Exercise goal:
Copy each line below that contains "assms".

Stored data entries
lemma AE_eq_0_if_orthogonal_test_funs:
  fixes h :: "real \<Rightarrow> real"
  assumes [measurable]: "h \<in> borel_measurable borel"
    and loc: "\<And>a b. set_integrable lborel {a..b} h"
    and orth: "\<And>\<phi>. test_fun \<phi> \<Longrightarrow> (LINT x|lborel. h x * \<phi> x) = 0"
  shows "AE x in lborel. h x = 0"
proof -
  have on_interval: "AE x in lborel. x \<in> {a<..<b} \<longrightarrow> h x = 0" for a b
  proof -
    define k where "k x = bump a b x * h x" for x
    have k_supp: "k x = 0" if "x \<notin> {a..b}" for x
      using bump_eq_0[of x a b] that by (auto simp: k_def)
    have "integrable lborel (\<lambda>x. bump a b x * (indicator {a..b} x *\<^sub>R h x))"
      using loc[of a b] smooth_continuous_higher_deriv[OF smooth_bump, of 0]
      unfolding set_integrable_def
      by (intro integrable_continuous_mult_compact_support[of _ a b]) auto
    also have "(\<lambda>x. bump a b x * (indicator {a..b} x *\<^sub>R h x)) = k"
      using k_supp by (intro ext) (auto simp: k_def indicator_def)
    finally have k_int: "integrable lborel k" .
    have poly_orth: "(LINT y|lborel. p y * k y) = 0" if "real_polynomial_function p" for p
      using orth[OF test_fun_bump_mult_polynomial[OF that, of a b]] by (simp add: k_def ac_simps)
    have "(LINT y|lborel. g y * k y) = 0" if "continuous_on UNIV g" for g
      by (rule integral_continuous_eq_0_if_orthogonal_polynomials[OF k_int k_supp poly_orth that])
    then have "AE x in lborel. k x = 0"
      by (intro AE_eq_0_if_tail_integrals_eq_0[OF k_int]
          tail_integral_eq_0_if_orthogonal_continuous[OF k_int])
    then show ?thesis
    proof eventually_elim
      case (elim x)
      then show ?case
        using bump_pos[of x a b] by (auto simp: k_def)
    qed
  qed
  have "AE x in lborel. \<forall>n::nat. x \<in> {- real n<..<real n} \<longrightarrow> h x = 0"
    unfolding AE_all_countable using on_interval by blast
  then show ?thesis
  proof eventually_elim
    case (elim x)
    obtain n :: nat where "\<bar>x\<bar> < n"
      using reals_Archimedean2 by blast
    then show ?case
      using elim[rule_format, of n] by (auto simp: abs_less_iff)
  qed
qed

lemma weak_derivs_AE_unique:
  assumes g: "weak_derivs \<alpha> f g" and g': "weak_derivs \<alpha> f g'" and "\<tau> \<le> \<alpha>"
    and [measurable]: "g \<tau> \<in> borel_measurable borel" "g' \<tau> \<in> borel_measurable borel"
    and loc: "\<And>a b. set_integrable lborel {a..b} (g \<tau>)" "\<And>a b. set_integrable lborel {a..b} (g' \<tau>)"
  shows "AE x in lborel. g \<tau> x = g' \<tau> x"
proof (cases "\<tau> = 0")
  case True
  then show ?thesis
    using g g' by (simp add: weak_derivs_def)
next
  case False
  have "AE x in lborel. g \<tau> x - g' \<tau> x = 0"
  proof (rule AE_eq_0_if_orthogonal_test_funs)
    show "set_integrable lborel {a..b} (\<lambda>x. g \<tau> x - g' \<tau> x)" for a b
      using loc by simp
    fix \<phi> assume "test_fun \<phi>"
    have "\<tau> \<in> {1..\<alpha>}"
      using \<open>\<tau> \<le> \<alpha>\<close> False by simp
    then have "(-1) ^ \<tau> * (LINT x|lborel. g \<tau> x * \<phi> x) = (-1) ^ \<tau> * (LINT x|lborel. g' \<tau> x * \<phi> x)"
      using g g' \<open>test_fun \<phi>\<close> unfolding weak_derivs_def by (metis (no_types, lifting))
    moreover have "integrable lborel (\<lambda>x. g \<tau> x * \<phi> x)" "integrable lborel (\<lambda>x. g' \<tau> x * \<phi> x)"
      using loc \<open>test_fun \<phi>\<close> by (simp_all add: integrable_mult_test_fun)
    ultimately show "(LINT x|lborel. (g \<tau> x - g' \<tau> x) * \<phi> x) = 0"
      by (simp add: left_diff_distrib)
  qed simp
  then show ?thesis
    by simp
qed

section \<open>The Gaussian weight and the norm of the Sobolev space\<close>

lemma gauss_rho_pos: "0 < gauss_rho x"
  unfolding gauss_rho_def by simp

lemma gauss_rho_le_1: "gauss_rho x \<le> 1"
proof -
  have "exp (- (x^2) / 2) \<le> 1" "1 \<le> sqrt (2 * pi)"
    using pi_gt3 by simp_all
  then have "exp (- (x^2) / 2) \<le> sqrt (2 * pi)"
    by linarith
  then show ?thesis
    unfolding gauss_rho_def by (subst divide_le_eq_1_pos) simp_all
qed

lemma gauss_rho_antimono: "\<bar>x\<bar> \<le> \<bar>y\<bar> \<Longrightarrow> gauss_rho y \<le> gauss_rho x"
  unfolding gauss_rho_def by (simp add: abs_le_square_iff divide_right_mono)

lemma continuous_on_gauss_rho: "continuous_on UNIV gauss_rho"
  unfolding gauss_rho_def by (intro continuous_intros) auto

lemma L2rho_norm_sq_nonneg: "0 \<le> L2rho_norm_sq u"
  unfolding L2rho_norm_sq_def
  by (intro integral_nonneg_AE AE_I2 mult_nonneg_nonneg)
    (simp_all add: less_imp_le[OF gauss_rho_pos])

lemma L2rho_imp_set_integrable_Icc:
  assumes "L2rho u"
  shows "set_integrable lborel {a..b} u"
  unfolding set_integrable_def
proof (rule Bochner_Integration.integrable_bound)
  have [measurable]: "u \<in> borel_measurable borel"
    and u2: "integrable lborel (\<lambda>x. (u x)^2 * gauss_rho x)"
    using assms unfolding L2rho_def by simp_all
  define m where "m = gauss_rho (\<bar>a\<bar> + \<bar>b\<bar>)"
  have "m > 0"
    unfolding m_def by (rule gauss_rho_pos)
  show "integrable lborel (\<lambda>x. indicator {a..b} x * (1 + (u x)^2 * gauss_rho x / m))"
  proof -
    have "integrable lborel (\<lambda>x. indicator {a..b} x * ((u x)^2 * gauss_rho x / m))"
      using integrable_mult_indicator[of "{a..b}" lborel "\<lambda>x. (u x)^2 * gauss_rho x / m"] u2 by simp
    moreover have "integrable lborel (indicator {a..b} :: real \<Rightarrow> real)"
      by (rule integrable_real_indicator) (simp_all add: emeasure_lborel_Icc_eq)
    ultimately show ?thesis
      by (simp add: distrib_left)
  qed
  show "(\<lambda>x. indicator {a..b} x *\<^sub>R u x) \<in> borel_measurable lborel"
    by simp
  have "\<bar>u x\<bar> \<le> 1 + (u x)^2 * gauss_rho x / m" if "x \<in> {a..b}" for x
  proof -
    have "m \<le> gauss_rho x"
      unfolding m_def using that by (intro gauss_rho_antimono) auto
    then have "(u x)^2 \<le> (u x)^2 * gauss_rho x / m"
      using \<open>m > 0\<close> by (simp add: le_divide_eq mult_left_mono)
    moreover have "\<bar>u x\<bar> \<le> 1 + (u x)^2"
      using sum_squares_bound[of "\<bar>u x\<bar>" 1] by simp
    ultimately show ?thesis
      by linarith
  qed
  then show "AE x in lborel. norm (indicator {a..b} x *\<^sub>R u x) \<le>
      norm (indicator {a..b} x * (1 + (u x)^2 * gauss_rho x / m))"
    using \<open>m > 0\<close> gauss_rho_pos[THEN less_imp_le]
    by (intro AE_I2) (auto simp: indicator_def)
qed

lemma sob_norm_eq:
  assumes "weak_derivs \<alpha> f g" "\<forall>\<tau>\<le>\<alpha>. L2rho (g \<tau>)"
  shows "sob_norm \<alpha> f = sqrt (\<Sum>\<tau>\<le>\<alpha>. L2rho_norm_sq (g \<tau>))"
proof -
  define G where "G = (SOME g. weak_derivs \<alpha> f g \<and> (\<forall>\<tau>\<le>\<alpha>. L2rho (g \<tau>)))"
  have G: "weak_derivs \<alpha> f G" "\<forall>\<tau>\<le>\<alpha>. L2rho (G \<tau>)"
    using someI[of "\<lambda>g. weak_derivs \<alpha> f g \<and> (\<forall>\<tau>\<le>\<alpha>. L2rho (g \<tau>))", OF conjI[OF assms]]
    unfolding G_def by blast+
  have "L2rho_norm_sq (G \<tau>) = L2rho_norm_sq (g \<tau>)" if "\<tau> \<le> \<alpha>" for \<tau>
  proof -
    have [measurable]: "G \<tau> \<in> borel_measurable borel" "g \<tau> \<in> borel_measurable borel"
      using G(2) assms(2) that by (simp_all add: L2rho_def)
    have "AE x in lborel. G \<tau> x = g \<tau> x"
      using G(2) assms(2) that
      by (intro weak_derivs_AE_unique[OF G(1) assms(1) that])
        (simp_all add: L2rho_imp_set_integrable_Icc)
    then have "AE x in lborel. (G \<tau> x)^2 * gauss_rho x = (g \<tau> x)^2 * gauss_rho x"
      by eventually_elim simp
    moreover have [measurable]: "gauss_rho \<in> borel_measurable borel"
      by (rule borel_measurable_continuous_onI[OF continuous_on_gauss_rho])
    ultimately show ?thesis
      unfolding L2rho_norm_sq_def by (intro integral_cong_AE) simp_all
  qed
  then show ?thesis
    unfolding sob_norm_def Let_def G_def[symmetric] by simp
qed

lemma L2rho_continuous_compact_support:
  assumes "continuous_on UNIV u" "\<And>x. x \<notin> {a..b} \<Longrightarrow> u x = 0"
  shows "L2rho u"
  unfolding L2rho_def
proof
  show "u \<in> borel_measurable borel"
    by (rule borel_measurable_continuous_onI[OF assms(1)])
  show "integrable lborel (\<lambda>x. (u x)^2 * gauss_rho x)"
    using assms continuous_on_gauss_rho
    by (intro integrable_continuous_compact_support[of _ a b]) (auto intro: continuous_intros)
qed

Response box:
    using assms unfolding L2rho_def by simp_all
    using someI[of "\<lambda>g. weak_derivs \<alpha> f g \<and> (\<forall>\<tau>\<le>\<alpha>. L2rho (g \<tau>))", OF conjI[OF assms]]
      using G(2) assms(2) that by (simp_all add: L2rho_def)
      using G(2) assms(2) that
      by (intro weak_derivs_AE_unique[OF G(1) assms(1) that])
    by (rule borel_measurable_continuous_onI[OF assms(1)])
    using assms continuous_on_gauss_rho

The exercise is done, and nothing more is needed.